Write out the following listing's lines from the one with "section \<open>Taylor series at 0\<close>" to the one with "by (simp add: taylor0_deriv field_simps", exactly, with both included and no others.
———
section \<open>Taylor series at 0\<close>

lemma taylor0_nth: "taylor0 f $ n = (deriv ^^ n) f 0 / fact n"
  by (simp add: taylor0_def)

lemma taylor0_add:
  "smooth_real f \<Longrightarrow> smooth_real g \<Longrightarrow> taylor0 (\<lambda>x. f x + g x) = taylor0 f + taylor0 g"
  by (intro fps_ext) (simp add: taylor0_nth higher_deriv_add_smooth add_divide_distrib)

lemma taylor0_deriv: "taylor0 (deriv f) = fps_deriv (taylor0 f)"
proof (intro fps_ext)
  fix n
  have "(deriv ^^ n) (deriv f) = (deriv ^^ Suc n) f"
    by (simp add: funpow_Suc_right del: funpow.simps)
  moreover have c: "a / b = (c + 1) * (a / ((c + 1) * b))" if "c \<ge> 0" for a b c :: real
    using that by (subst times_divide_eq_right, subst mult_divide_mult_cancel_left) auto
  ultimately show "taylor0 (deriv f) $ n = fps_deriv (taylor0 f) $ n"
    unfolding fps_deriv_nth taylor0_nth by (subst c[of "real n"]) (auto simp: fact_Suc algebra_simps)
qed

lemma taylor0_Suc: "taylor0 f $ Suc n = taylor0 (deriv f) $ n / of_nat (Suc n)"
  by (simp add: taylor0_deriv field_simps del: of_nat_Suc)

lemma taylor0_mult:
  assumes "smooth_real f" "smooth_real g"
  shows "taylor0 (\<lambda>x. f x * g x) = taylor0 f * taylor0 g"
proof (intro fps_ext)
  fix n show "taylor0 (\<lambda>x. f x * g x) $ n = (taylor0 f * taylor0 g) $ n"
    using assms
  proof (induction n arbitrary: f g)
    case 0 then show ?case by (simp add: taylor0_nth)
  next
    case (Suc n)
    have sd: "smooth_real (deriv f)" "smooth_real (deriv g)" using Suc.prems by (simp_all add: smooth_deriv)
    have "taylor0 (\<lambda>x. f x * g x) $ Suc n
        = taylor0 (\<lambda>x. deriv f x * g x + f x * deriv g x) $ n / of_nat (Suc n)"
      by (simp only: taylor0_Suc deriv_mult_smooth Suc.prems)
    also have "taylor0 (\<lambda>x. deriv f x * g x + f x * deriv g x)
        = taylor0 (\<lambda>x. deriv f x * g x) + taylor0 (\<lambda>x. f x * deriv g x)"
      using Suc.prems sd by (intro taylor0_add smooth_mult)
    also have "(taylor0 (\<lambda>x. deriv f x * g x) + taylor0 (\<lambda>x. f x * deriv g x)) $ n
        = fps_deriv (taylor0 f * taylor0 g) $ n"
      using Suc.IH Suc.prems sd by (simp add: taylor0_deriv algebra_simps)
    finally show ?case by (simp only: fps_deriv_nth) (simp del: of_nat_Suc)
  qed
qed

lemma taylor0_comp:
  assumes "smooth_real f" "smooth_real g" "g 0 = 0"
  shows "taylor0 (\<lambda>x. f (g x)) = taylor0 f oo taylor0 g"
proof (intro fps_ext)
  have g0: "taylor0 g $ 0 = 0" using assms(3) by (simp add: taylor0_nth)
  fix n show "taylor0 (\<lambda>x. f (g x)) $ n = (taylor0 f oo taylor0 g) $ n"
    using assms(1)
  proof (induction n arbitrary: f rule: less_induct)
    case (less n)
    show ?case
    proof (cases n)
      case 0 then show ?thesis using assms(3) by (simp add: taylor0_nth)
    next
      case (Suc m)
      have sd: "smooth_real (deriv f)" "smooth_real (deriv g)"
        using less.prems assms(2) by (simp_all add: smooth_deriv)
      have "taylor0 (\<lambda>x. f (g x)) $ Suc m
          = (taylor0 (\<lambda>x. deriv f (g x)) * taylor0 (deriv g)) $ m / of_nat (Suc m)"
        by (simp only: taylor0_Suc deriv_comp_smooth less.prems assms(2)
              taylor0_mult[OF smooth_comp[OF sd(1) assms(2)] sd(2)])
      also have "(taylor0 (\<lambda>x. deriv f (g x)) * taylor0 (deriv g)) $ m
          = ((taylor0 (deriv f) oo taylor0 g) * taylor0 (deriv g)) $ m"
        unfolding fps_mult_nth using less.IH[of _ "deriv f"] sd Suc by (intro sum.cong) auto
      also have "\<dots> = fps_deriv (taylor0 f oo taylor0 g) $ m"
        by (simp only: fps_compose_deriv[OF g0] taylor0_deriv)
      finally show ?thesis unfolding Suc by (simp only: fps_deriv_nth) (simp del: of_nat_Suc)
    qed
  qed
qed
———
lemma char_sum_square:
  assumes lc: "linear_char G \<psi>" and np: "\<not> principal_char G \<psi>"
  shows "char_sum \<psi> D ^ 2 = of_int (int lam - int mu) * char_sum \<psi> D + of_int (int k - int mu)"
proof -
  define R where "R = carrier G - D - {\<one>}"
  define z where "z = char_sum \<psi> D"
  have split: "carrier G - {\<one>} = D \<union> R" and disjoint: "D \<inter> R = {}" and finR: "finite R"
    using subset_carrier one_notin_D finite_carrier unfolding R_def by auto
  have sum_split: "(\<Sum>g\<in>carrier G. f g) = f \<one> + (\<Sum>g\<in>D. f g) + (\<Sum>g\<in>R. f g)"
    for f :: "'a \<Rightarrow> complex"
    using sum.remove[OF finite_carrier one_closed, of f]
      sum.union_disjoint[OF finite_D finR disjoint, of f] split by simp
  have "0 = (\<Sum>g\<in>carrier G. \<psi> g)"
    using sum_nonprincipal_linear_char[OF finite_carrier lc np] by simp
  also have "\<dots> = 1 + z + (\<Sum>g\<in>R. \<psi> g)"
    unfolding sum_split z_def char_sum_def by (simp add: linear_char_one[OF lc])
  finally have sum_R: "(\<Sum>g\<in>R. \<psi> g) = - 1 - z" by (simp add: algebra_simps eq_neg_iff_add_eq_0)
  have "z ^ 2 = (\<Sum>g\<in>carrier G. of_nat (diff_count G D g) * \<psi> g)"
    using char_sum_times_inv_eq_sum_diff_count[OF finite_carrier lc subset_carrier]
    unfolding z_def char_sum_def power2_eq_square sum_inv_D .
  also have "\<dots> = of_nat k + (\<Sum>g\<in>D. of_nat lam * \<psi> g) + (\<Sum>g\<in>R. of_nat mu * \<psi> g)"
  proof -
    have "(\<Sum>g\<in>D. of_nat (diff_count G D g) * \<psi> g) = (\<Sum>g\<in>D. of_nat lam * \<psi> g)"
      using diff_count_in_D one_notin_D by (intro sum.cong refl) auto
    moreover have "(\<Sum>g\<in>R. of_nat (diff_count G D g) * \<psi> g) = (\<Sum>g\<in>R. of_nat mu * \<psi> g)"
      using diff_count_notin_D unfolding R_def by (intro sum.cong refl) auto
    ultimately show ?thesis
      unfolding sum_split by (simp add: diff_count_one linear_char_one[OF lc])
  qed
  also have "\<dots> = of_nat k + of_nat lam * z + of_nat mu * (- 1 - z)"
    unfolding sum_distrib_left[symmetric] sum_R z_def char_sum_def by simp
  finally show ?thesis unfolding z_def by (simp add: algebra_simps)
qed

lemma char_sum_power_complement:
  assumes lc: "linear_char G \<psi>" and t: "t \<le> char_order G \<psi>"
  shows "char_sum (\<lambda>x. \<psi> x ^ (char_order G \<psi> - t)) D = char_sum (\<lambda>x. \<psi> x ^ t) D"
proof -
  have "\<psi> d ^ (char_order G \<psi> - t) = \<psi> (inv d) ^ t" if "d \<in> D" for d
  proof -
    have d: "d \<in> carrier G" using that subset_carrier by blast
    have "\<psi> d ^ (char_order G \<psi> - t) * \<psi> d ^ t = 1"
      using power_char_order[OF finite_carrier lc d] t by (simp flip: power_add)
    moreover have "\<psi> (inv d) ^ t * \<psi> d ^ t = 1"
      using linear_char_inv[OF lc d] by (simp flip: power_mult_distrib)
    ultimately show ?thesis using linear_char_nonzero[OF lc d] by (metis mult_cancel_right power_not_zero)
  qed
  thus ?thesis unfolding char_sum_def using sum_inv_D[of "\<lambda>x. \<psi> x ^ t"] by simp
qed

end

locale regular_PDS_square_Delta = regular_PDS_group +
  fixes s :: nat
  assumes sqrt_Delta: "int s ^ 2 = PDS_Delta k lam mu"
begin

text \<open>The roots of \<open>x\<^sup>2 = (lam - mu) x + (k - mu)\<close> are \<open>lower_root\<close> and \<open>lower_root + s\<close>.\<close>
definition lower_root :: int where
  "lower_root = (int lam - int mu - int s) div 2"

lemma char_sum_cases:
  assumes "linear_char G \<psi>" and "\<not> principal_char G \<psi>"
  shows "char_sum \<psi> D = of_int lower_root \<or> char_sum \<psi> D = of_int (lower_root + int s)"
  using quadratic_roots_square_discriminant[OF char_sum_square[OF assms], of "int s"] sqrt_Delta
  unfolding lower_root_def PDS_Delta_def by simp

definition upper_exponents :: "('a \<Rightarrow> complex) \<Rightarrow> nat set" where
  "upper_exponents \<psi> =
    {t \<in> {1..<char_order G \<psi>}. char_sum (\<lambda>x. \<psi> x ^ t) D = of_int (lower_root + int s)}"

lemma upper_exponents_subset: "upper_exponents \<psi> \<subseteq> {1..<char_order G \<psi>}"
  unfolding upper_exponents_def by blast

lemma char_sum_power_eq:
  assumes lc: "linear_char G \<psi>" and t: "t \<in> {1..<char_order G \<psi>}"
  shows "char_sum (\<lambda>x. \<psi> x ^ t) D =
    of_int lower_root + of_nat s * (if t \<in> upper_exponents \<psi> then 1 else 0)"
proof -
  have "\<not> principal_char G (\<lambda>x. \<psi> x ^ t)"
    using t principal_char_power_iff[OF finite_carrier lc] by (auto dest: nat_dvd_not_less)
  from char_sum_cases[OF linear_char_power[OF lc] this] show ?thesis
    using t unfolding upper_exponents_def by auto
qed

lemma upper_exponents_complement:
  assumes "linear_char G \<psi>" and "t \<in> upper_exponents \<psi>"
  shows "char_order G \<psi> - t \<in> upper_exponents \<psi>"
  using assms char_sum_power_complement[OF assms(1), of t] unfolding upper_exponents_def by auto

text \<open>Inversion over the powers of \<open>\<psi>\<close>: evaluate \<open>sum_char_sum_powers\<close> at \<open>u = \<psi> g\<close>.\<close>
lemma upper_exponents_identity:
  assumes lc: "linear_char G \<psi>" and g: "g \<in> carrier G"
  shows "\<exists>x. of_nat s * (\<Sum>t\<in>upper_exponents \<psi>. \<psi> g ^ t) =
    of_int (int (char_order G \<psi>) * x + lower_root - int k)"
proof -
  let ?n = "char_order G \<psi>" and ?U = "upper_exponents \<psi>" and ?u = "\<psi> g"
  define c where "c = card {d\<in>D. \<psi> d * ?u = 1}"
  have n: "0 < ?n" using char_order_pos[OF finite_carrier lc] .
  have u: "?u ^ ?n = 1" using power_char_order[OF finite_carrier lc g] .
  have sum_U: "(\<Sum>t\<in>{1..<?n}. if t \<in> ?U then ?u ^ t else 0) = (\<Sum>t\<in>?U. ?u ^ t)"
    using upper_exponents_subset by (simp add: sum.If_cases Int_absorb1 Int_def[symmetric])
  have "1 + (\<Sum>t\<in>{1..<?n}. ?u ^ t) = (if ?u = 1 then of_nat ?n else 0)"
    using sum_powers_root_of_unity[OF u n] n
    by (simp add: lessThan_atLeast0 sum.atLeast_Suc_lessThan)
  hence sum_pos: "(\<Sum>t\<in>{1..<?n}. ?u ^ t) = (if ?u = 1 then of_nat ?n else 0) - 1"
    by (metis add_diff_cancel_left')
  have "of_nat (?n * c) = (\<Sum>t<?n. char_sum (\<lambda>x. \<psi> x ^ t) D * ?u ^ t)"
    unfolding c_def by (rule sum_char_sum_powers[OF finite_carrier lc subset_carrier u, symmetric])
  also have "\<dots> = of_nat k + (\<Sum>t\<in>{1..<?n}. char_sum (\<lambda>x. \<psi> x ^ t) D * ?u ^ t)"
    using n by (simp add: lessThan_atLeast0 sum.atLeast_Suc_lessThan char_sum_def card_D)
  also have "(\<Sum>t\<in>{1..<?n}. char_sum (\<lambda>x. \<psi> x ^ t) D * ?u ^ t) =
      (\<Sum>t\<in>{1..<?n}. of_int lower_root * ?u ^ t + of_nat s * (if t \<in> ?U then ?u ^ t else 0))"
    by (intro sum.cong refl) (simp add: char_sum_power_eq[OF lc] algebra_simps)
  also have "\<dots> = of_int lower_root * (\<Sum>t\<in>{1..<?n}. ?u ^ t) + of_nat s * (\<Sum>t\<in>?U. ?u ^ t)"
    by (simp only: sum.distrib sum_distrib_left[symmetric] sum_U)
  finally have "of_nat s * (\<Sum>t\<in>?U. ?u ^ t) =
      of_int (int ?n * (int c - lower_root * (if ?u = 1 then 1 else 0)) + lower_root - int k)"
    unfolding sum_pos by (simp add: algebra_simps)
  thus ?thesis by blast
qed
———
- **Output**:
section \<open>Taylor series at 0\<close>

lemma taylor0_nth: "taylor0 f $ n = (deriv ^^ n) f 0 / fact n"
  by (simp add: taylor0_def)

lemma taylor0_add:
  "smooth_real f \<Longrightarrow> smooth_real g \<Longrightarrow> taylor0 (\<lambda>x. f x + g x) = taylor0 f + taylor0 g"
  by (intro fps_ext) (simp add: taylor0_nth higher_deriv_add_smooth add_divide_distrib)

lemma taylor0_deriv: "taylor0 (deriv f) = fps_deriv (taylor0 f)"
proof (intro fps_ext)
  fix n
  have "(deriv ^^ n) (deriv f) = (deriv ^^ Suc n) f"
    by (simp add: funpow_Suc_right del: funpow.simps)
  moreover have c: "a / b = (c + 1) * (a / ((c + 1) * b))" if "c \<ge> 0" for a b c :: real
    using that by (subst times_divide_eq_right, subst mult_divide_mult_cancel_left) auto
  ultimately show "taylor0 (deriv f) $ n = fps_deriv (taylor0 f) $ n"
    unfolding fps_deriv_nth taylor0_nth by (subst c[of "real n"]) (auto simp: fact_Suc algebra_simps)
qed

lemma taylor0_Suc: "taylor0 f $ Suc n = taylor0 (deriv f) $ n / of_nat (Suc n)"
  by (simp add: taylor0_deriv field_simps del: of_nat_Suc)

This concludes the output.